Objectives of Audit Trails:
- Detecting unauthorized access to system
- Reconstruction of events
- Personal accountability
- Control environment: For each business process, an organization needs to develop a control environment including criticality & materiality of each business process.
- Risk assessment: Each business process comes with various risks. A control environment must include an assessment of risks associated with each business process.
- Control activities: Control activities must be developed to manage, mitigate & reduce the risk associated with each business process as it is unrealistic to expect to eliminate risk.
- Information and communication: Control activities are associated with information & communication systems as these systems enable an organization to capture & exchange the information to conduct, manage & control its business operations.
- Monitoring: Internal control process must be continuously monitored with modifications made as warranted by changing conditions.
Layers of security policy and audit:
Strategic Layer: At this layer, the top management takes action, in form of drawing up security policy, security training, security guidelines.
Tactical Layer: At the tactical layer, security administration is put in place.
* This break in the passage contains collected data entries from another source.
(* With the notation below, the homomorphisms $\deg$ and $\chi$ vanish on the subgroup $\mathcal P$ of principal divisors, and the induced map $(\deg,\chi):\mathrm{Div}(C_p)/\mathcal P\to\mathbb{R}\times(\mathbb{Z}/(p-1)\mathbb{Z})$ is an isomorphism of abelian groups.
   Context: Let $p$ be a prime and $H_p=\mathbb{Z}[1/p]\subset\mathbb{Q}$; $\chi:H_p\to\mathbb{Z}/(p-1)\mathbb{Z}$, $\chi(a/p^n)=a\bmod(p-1)$. $C_p$ is the set of subgroups $H=\lambda H_p\subset\mathbb{R}$, $\lambda>0$. For $H=\lambda H_p$ define $\chi_H:H\to\mathbb{Z}/(p-1)\mathbb{Z}$ by $\chi_H(x)=\chi(\lambda^{-1}x)$ (independent of $\lambda$). $\mathcal K(C_p)$: continuous piecewise affine functions $f:(0,\infty)\to\mathbb{R}$ with slopes in $H_p$ and $f(p\lambda)=f(\lambda)$ (plus the constant $-\infty$). For real-valued $f$ and $H=\lambda H_p$, $\mathrm{Ord}_H(f)=h_+-h_-$ with $h_\pm=\lim_{\epsilon\to0\pm}(f((1+\epsilon)\lambda)-f(\lambda))/\epsilon\in H$. A divisor $D$ on $C_p$ assigns $D(H)\in H$ to each $H\in C_p$, zero for all but finitely many $H$; $\mathrm{Div}(C_p)$ is the group of divisors under pointwise addition. $\deg(D)=\sum_H D(H)\in\mathbb{R}$, $\chi(D)=\sum_H\chi_H(D(H))$. The principal divisor of real-valued $f\in\mathcal K(C_p)$ is $(f)(H)=\mathrm{Ord}_H(f)$; $\mathcal P$ is the subgroup of principal divisors. *)

theory Defs
  imports Complex_Main "HOL-Computational_Algebra.Primes"
begin

definition Hp :: "nat \<Rightarrow> real set" where
  "Hp p = {of_int a / real p ^ n | a n. True}"

text \<open>Z/(p-1)Z is represented by the residues {0..<p-1} of int, with
  addition modulo p-1.  chi(a/p^n) = a mod (p-1).\<close>
definition chi :: "nat \<Rightarrow> real \<Rightarrow> int" where
  "chi p x = (THE r. \<exists>(a::int) (n::nat). x = of_int a / real p ^ n \<and> r = a mod (int p - 1))"

definition Cp :: "nat \<Rightarrow> real set set" where
  "Cp p = {H. \<exists>l>0. H = (\<lambda>x. l * x) ` Hp p}"

definition scal :: "nat \<Rightarrow> real set \<Rightarrow> real" where
  "scal p H = (SOME l. l > 0 \<and> H = (\<lambda>x. l * x) ` Hp p)"

definition chiH :: "nat \<Rightarrow> real set \<Rightarrow> real \<Rightarrow> int" where
  "chiH p H x = chi p (x / scal p H)"

definition supp :: "(real set \<Rightarrow> real) \<Rightarrow> real set set" where
  "supp D = {H. D H \<noteq> 0}"

definition Div :: "nat \<Rightarrow> (real set \<Rightarrow> real) set" where
  "Div p = {D. (\<forall>H\<in>Cp p. D H \<in> H) \<and> (\<forall>H. H \<notin> Cp p \<longrightarrow> D H = 0) \<and> finite (supp D)}"

definition deg :: "(real set \<Rightarrow> real) \<Rightarrow> real" where
  "deg D = (\<Sum>H\<in>supp D. D H)"

definition chiD :: "nat \<Rightarrow> (real set \<Rightarrow> real) \<Rightarrow> int" where
  "chiD p D = (\<Sum>H\<in>supp D. chiH p H (D H)) mod (int p - 1)"

definition piecewise_affine_Hp :: "nat \<Rightarrow> (real \<Rightarrow> real) \<Rightarrow> bool" where
  "piecewise_affine_Hp p f \<longleftrightarrow>
     (\<forall>a b. 0 < a \<longrightarrow> a < b \<longrightarrow>
        (\<exists>ts::real list. sorted_wrt (<) ts \<and> length ts \<ge> 2 \<and> hd ts = a \<and> last ts = b \<and>
           (\<forall>i. Suc i < length ts \<longrightarrow>
              (\<exists>m\<in>Hp p. \<exists>c. \<forall>x\<in>{ts ! i .. ts ! Suc i}. f x = m * x + c))))"

definition K :: "nat \<Rightarrow> (real \<Rightarrow> real) set" where
  "K p = {f. continuous_on {0<..} f \<and> piecewise_affine_Hp p f \<and>
             (\<forall>x>0. f (real p * x) = f x)}"

definition Ord :: "nat \<Rightarrow> real set \<Rightarrow> (real \<Rightarrow> real) \<Rightarrow> real" where
  "Ord p H f = (let l = scal p H in
      Lim (at_right 0) (\<lambda>e. (f ((1 + e) * l) - f l) / e)
    - Lim (at_left 0) (\<lambda>e. (f ((1 + e) * l) - f l) / e))"

definition principal :: "nat \<Rightarrow> (real \<Rightarrow> real) \<Rightarrow> (real set \<Rightarrow> real)" where
  "principal p f = (\<lambda>H. if H \<in> Cp p then Ord p H f else 0)"

definition Prin :: "nat \<Rightarrow> (real set \<Rightarrow> real) set" where
  "Prin p = principal p ` K p"

end

theory Submission
  imports Defs "HOL-Analysis.Elementary_Metric_Spaces"
begin

text \<open>
  Since \<open>p\<close> is prime, the positive units of \<open>H\<^sub>p\<close> are the powers of \<open>p\<close>, so every
  \<open>H \<in> C\<^sub>p\<close> is \<open>r H\<^sub>p\<close> for a unique \<open>r \<in> [1, p)\<close>.  A function \<open>f \<in> \<K>(C\<^sub>p)\<close> is
  determined by its restriction to \<open>[1, p]\<close>, which is affine with slope \<open>s\<^sub>i \<in> H\<^sub>p\<close> on
  each piece of a partition \<open>1 = t\<^sub>0 < \<dots> < t\<^sub>n = p\<close>.  Its divisor is supported on the
  classes of the \<open>t\<^sub>i\<close>, with value \<open>t\<^sub>i\<close> times the jump of the slope at \<open>t\<^sub>i\<close>.  By
  continuity these values telescope to \<open>0\<close>, while the slope jumps themselves sum to
  \<open>(1 - p) s\<^sub>n\<^sub>-\<^sub>1\<close>, on which \<open>\<chi>\<close> vanishes because \<open>p \<equiv> 1\<close> modulo \<open>p - 1\<close>.

  Conversely, a divisor \<open>D\<close> with \<open>deg D = 0\<close> and \<open>\<chi>(D) = 0\<close> is the divisor of the
  \<open>p\<close>-periodic extension of a sum of hinges \<open>g y = \<Sum> c\<^sub>z max 0 (y - z)\<close> over the
  representatives \<open>z \<in> [1, p)\<close> of its support, with \<open>c\<^sub>z = D(z H\<^sub>p) / z\<close> for \<open>z > 1\<close>
  and \<open>c\<^sub>1\<close> chosen so that \<open>g p = g 1 = 0\<close>.  Finally every pair \<open>(r, c)\<close> is attained by
  a divisor supported on at most two classes.
\<close>

section \<open>Piecewise affine functions on the real line\<close>

lemma power_int_less_iff:
  fixes x :: "'a::linordered_field"
  assumes "1 < x"
  shows "x powi k < x powi l \<longleftrightarrow> k < l"
  using assms power_int_strict_increasing[of k l x] power_int_increasing[of l k x]
  by (meson less_le_not_le linorder_not_less order_less_imp_le)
Operational Layer: The operational layer audit issues include:
- User accounts and access rights
- Password controls
- Segregation of duties
By seeing around the world, it can be clearly understood that information is blood of a business. To run business for unforeseen future, protection of information and data is very critical. And that's why organizations are expending major chunk of their budget to ensure security of information and data. It is also necessary to gain the trust of stakeholders.
In short, information lost means business gone, so, information must be protected with due and reasonable care.